There are an infinite number of ways that law firms screw up marketing. The list includes hiring a marketing director without defining the job. Spending a dumpster of money on advertising without a "call to action" in the ad. But 10 dumb mistakes stand out time and time again:
1. Focus on yourself, not on your clients. This is the traditional approach to law firm marketing: describe your practices on your Web sites and printed marketing materials. Detail your internal administrative structure. Let's call this "marketing your organization."
A Midwest firm fell victim to this mistake, marketing itself as having three practice areas: real estate, real estate taxation, and tax practice. Think about it: these distinctions can only confuse clients. They can't tell which practice they should choose, and besides, clients don't think of themselves as customers of a practice group. Instead, focus on how your clients think: they see themselves as members of an industry. Present your firm according to the industries you serve.

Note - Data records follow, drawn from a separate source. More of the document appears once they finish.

(* Assume $C\succ 0$ and $A_1,\dots,A_m$ are linearly independent. Let $X(t)$ be a differentiable solution of the second-ansatz dynamics $$\mathrm{vec}(\dot X) = -\bigl(I - G\mathcal{A}^T(\mathcal{A}G\mathcal{A}^T)^{-1} \mathcal{A}\bigr)G\,\mathrm{vec}(C),\qquad G=X\otimes X,$$ with $X(0)\succ 0$ linearly feasible. Then $X(t)\succ 0$ for every finite time $t\ge 0$ (and $X(t)$ remains linearly feasible).
   Context: We consider the SDP $\min\{\mathrm{tr}(CX): \mathrm{tr}(A_\ell X)=b_\ell\ \forall\ell\in[m],\ X\succeq 0\}$ with symmetric $n\times n$ matrices $C,A_1,\dots,A_m$ and $b\in\mathbb{R}^m$. For an $n\times n$ matrix $M$, $\mathrm{vec}(M)\in\mathbb{R}^{n^2}$ is obtained by stacking the columns of $M$; $\otimes$ is the Kronecker product. $\mathcal{A}$ is the $m\times n^2$ matrix whose $\ell$-th row is $\mathrm{vec}(A_\ell)^T$. A matrix $X$ is linearly feasible if $\mathcal{A}\,\mathrm{vec}(X)=b$. *)

theory Defs
  imports "HOL-Analysis.Analysis"
begin

definition pos_def :: "real^'n^'n \<Rightarrow> bool" where
  "pos_def M \<longleftrightarrow> transpose M = M \<and> (\<forall>x. x \<noteq> 0 \<longrightarrow> x \<bullet> (M *v x) > 0)"

text \<open>Column-stacking vectorisation. The index (j,i) = (column, row); with the
  lexicographic order on pairs this is exactly the column stacking order.\<close>
definition vecm :: "real^'n^'n \<Rightarrow> real^('n \<times> 'n)" where
  "vecm M = (\<chi> p. M $ snd p $ fst p)"
(* Under the setup below, fix $K=(k_1,\dots,k_r)$ and two distinct ordered tuples $L,L'$ of $r$ distinct target indices in $[d]$. Let $M_{L,L'}(y)$ be the $\binom{2r-1}{r}\times2$ matrix whose rows are indexed by all $\alpha\in\mathbb N^r$ with $|\alpha|=r$ and whose row $\alpha$ is $(D_{\alpha,L}(y),D_{\alpha,L'}(y))$. Then all $2\times2$ minors of $M_{L,L'}(y)$ are homogeneous polynomials of degree $2r$ vanishing on the attention variety.
   Context: Setup: $d'=1$, $t>1$, $Q,K\in\mathbb R^{a\times d}$, $V\in\mathbb R^{1\times d}$ with row $v$, $A=K^\top Q$, $\varphi_W(X)=VX(X^\top AX)$, $X=(x_{kn})\in\mathbb R^{d\times t}$; fix $j\in[t]$, $n\ne j$, and $2\le r\le\min(a,d)$; $k_1,\dots,k_r$ are distinct elements of $[d]$. $y_{n,j}(\mathcal A,b)$ denotes the coefficient of $(\prod_{u\in\mathcal A}x_{un})x_{bj}$ in $\varphi_W(X)[1,j]$ divided by the number of distinct orderings of the size-2 multiset $\mathcal A$; $\omega(u,w)=1$ if $u=w$, $2$ otherwise. For $\alpha\in\mathbb N^r$ with $|\alpha|=r$, choose $f:[r]\to[r]$ with $|f^{-1}(m)|=\alpha_m$ whose only directed cycles are fixed points, and for a tuple $L=(l_1,\dots,l_r)$ of distinct indices set $D_{\alpha,L}(y)=\det\big(\omega(k_{f(p)},k_p)\,y_{n,j}(\{k_{f(p)},k_p\},l_q)\big)_{p,q=1}^r$; on $\mu(W)$ this equals $(\prod_m v_{k_m}^{\alpha_m})\det A_{K,L}$. $\mu$ maps $W$ to all scaled coefficients; the attention variety is the Zariski closure of $\operatorname{im}\mu$. *)

theory Defs
  imports "HOL-Library.Poly_Mapping" "Jordan_Normal_Form.Determinant"
begin

type_synonym 'v rpoly = "('v \<Rightarrow>\<^sub>0 nat) \<Rightarrow>\<^sub>0 real"

definition pvar :: "'v \<Rightarrow> 'v rpoly" where
  "pvar x = Poly_Mapping.single (Poly_Mapping.single x 1) 1"

definition pconst :: "real \<Rightarrow> 'v rpoly" where
  "pconst c = Poly_Mapping.single 0 c"

definition peval :: "('v \<Rightarrow> real) \<Rightarrow> 'v rpoly \<Rightarrow> real" where
  "peval z P = (\<Sum>m\<in>Poly_Mapping.keys P.
       Poly_Mapping.lookup P m * (\<Prod>x\<in>Poly_Mapping.keys m. z x ^ Poly_Mapping.lookup m x))"

definition mdeg :: "('v \<Rightarrow>\<^sub>0 nat) \<Rightarrow> nat" where
  "mdeg m = (\<Sum>x\<in>Poly_Mapping.keys m. Poly_Mapping.lookup m x)"

definition homogeneous_of_degree :: "nat \<Rightarrow> 'v rpoly \<Rightarrow> bool" where
  "homogeneous_of_degree deg P \<longleftrightarrow> (\<forall>m\<in>Poly_Mapping.keys P. mdeg m = deg)"

definition zariski_closure :: "('v \<Rightarrow> real) set \<Rightarrow> ('v \<Rightarrow> real) set" where
  "zariski_closure S = {z. \<forall>P. (\<forall>w\<in>S. peval w P = 0) \<longrightarrow> peval z P = 0}"

text \<open>Indices are 0-based: [a] = {0..<a}, [d] = {0..<d}, [t] = {0..<t}.
  Q, K : a \<times> d matrices (functions nat \<Rightarrow> nat \<Rightarrow> real, Q i k = Q[i,k]);
  V = row vector v : nat \<Rightarrow> real.  The entries of X are the variables (k, n) = x_{kn}.\<close>

definition Amat :: "nat \<Rightarrow> (nat \<Rightarrow> nat \<Rightarrow> real) \<Rightarrow> (nat \<Rightarrow> nat \<Rightarrow> real) \<Rightarrow> nat \<Rightarrow> nat \<Rightarrow> real" where
  "Amat a Q K p q = (\<Sum>i<a. K i p * Q i q)"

This approach, called "organizing around the market," is done well by two firms: Foley & Lardner and Hale & Dorr. (Full disclosure: I advised both firms.)
2. Don't mention representative clients. Partners have been known to recoil at the suggestion of revealing whom they work for, saying they thought it was creepy and exploitive. They are appalled at the idea of having to ask clients for permission to use their names. But failing to list whom you represent is stupid, because it is one of the first things a potential client wants to know. Your clientele reveals who you swim with and answers potential clients' question about what kind of business you draw.
In the old days before the Web, it was a common practice for firms to list representative clients in Martindale-Hubbell listings. Somehow, this got lost in the electronic age. As the saying goes, GMTA: great minds think alike. Spelling out your client roster is an excellent way for a firm to distinguish itself, and to flag appropriate clients. Don't be shy about asking your best clients to show the flag-- they may well be honored to be asked, and delighted to be listed. Your clients are in business too, and understand the power of client lists and testimonials.
3. Failing to list success stories. Most firm marketing falls into the category of throw-away brochureware, because it is nothing more than general blandishments about the firm's "tradition of excellence" or "adherence to the highest level of ethics." This fails to offer prospective clients examples of what you've achieved--a key point of information and an excellent way to distinguish your firm.
Lawyers are known by their reputations, so hiding the firm's record undermines its marketing. The problem, of course, is getting lawyers to write down their accomplishments, and generally the most successful lawyers say they have the least time available to write. But this is no excuse. This information is easy to get by simply looking up the firm's public cases using Westlaw or Lexis, or transactions using Thomson Financial.
Or take the time to interview each of your partners--even if just for a half-hour-- which also can have a side benefit of improving relations between the marketing staff and lawyers.
For example, Mayer Brown Rowe & Maw recently won the Your Honor Award from the Legal Marketing Association for publishing Retrospective 2002, which offers 23 engaging stories about successful cases from the client's point of view. (See Here)
4. Institutional Mistakes. These are the marketing errors a firm commits year after year because "We've always done it this way." For example, buying tables (that go empty) at a charity event, or mailing out thousands of holiday cards that nobody reads, or sponsoring expensive annual parties that attract freeloaders but no new business. You can usually find the fingerprints of a high-ranking partner behind these decisions. For example, one firm bought ads in a university football program book because the managing partner went to law school there. It was a vanity project that had no marketing purpose at all. Institutional mistakes are all a waste of money.
How can you combat this? Argue that all expenditures must have a return on investment. Your ammunition: Tally current marketing expenditures and collect so you can see--and show the partners--the damage. To measure R.O.I., tie each item to a result: the name of a new client or the total revenue generated as a result of effort. If there is no result, each item needs to be justified by meeting a specific goal of the firm. Otherwise, kill the project.
5. Having no marketing strategy and focusing instead on tactics. When I begin working with a firm I always ask for a copy of its marketing plan. I am repeatedly astonished to hear that the firm doesn't have one. The strategy may exist in the mind of the managing partner, but it's not written down. Firms typically have many marketing activities, but they're not connected or organized in any way. This is like having an orchestra where the musicians can play whatever they like at the same time.